Given information
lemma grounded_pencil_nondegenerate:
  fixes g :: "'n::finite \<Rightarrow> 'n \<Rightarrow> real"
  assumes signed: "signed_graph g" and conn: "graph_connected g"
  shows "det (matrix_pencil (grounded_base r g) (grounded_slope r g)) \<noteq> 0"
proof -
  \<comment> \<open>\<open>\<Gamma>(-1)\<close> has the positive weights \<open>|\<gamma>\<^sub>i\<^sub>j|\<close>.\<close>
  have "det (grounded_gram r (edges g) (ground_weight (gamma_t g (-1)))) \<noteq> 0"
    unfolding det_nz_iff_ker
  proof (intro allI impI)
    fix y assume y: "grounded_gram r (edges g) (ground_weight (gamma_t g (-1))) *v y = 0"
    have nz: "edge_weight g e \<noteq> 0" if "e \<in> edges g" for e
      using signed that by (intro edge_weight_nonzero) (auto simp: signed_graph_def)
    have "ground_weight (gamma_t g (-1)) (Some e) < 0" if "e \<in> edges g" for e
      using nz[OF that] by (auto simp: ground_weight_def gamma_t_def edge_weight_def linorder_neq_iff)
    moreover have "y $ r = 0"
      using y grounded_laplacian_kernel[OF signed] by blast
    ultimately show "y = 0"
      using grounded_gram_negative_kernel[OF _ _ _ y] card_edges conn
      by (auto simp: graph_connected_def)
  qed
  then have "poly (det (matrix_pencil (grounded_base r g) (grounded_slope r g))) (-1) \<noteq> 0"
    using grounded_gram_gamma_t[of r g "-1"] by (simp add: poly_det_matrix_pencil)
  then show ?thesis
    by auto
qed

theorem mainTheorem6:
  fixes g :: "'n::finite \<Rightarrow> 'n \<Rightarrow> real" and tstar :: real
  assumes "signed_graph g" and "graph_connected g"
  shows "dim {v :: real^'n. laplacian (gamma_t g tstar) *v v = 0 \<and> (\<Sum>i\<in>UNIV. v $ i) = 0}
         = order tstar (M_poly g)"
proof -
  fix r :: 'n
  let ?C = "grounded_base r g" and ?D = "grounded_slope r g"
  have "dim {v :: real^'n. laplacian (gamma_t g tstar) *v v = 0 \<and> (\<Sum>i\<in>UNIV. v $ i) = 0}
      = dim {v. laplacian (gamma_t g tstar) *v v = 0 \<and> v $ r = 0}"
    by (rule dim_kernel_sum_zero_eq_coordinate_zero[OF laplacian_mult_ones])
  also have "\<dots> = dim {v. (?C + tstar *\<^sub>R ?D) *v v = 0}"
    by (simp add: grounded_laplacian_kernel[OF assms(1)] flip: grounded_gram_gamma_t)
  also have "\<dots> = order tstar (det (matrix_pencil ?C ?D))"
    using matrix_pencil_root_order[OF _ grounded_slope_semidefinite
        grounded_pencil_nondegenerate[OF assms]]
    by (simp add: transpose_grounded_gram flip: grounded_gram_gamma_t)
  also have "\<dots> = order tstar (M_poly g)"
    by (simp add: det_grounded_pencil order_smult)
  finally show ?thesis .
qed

About this exercise
Of the lines above, copy each that contains "noteq".

Result
  shows "det (matrix_pencil (grounded_base r g) (grounded_slope r g)) \<noteq> 0"
  have "det (grounded_gram r (edges g) (ground_weight (gamma_t g (-1)))) \<noteq> 0"
    have nz: "edge_weight g e \<noteq> 0" if "e \<in> edges g" for e
  then have "poly (det (matrix_pencil (grounded_base r g) (grounded_slope r g))) (-1) \<noteq> 0"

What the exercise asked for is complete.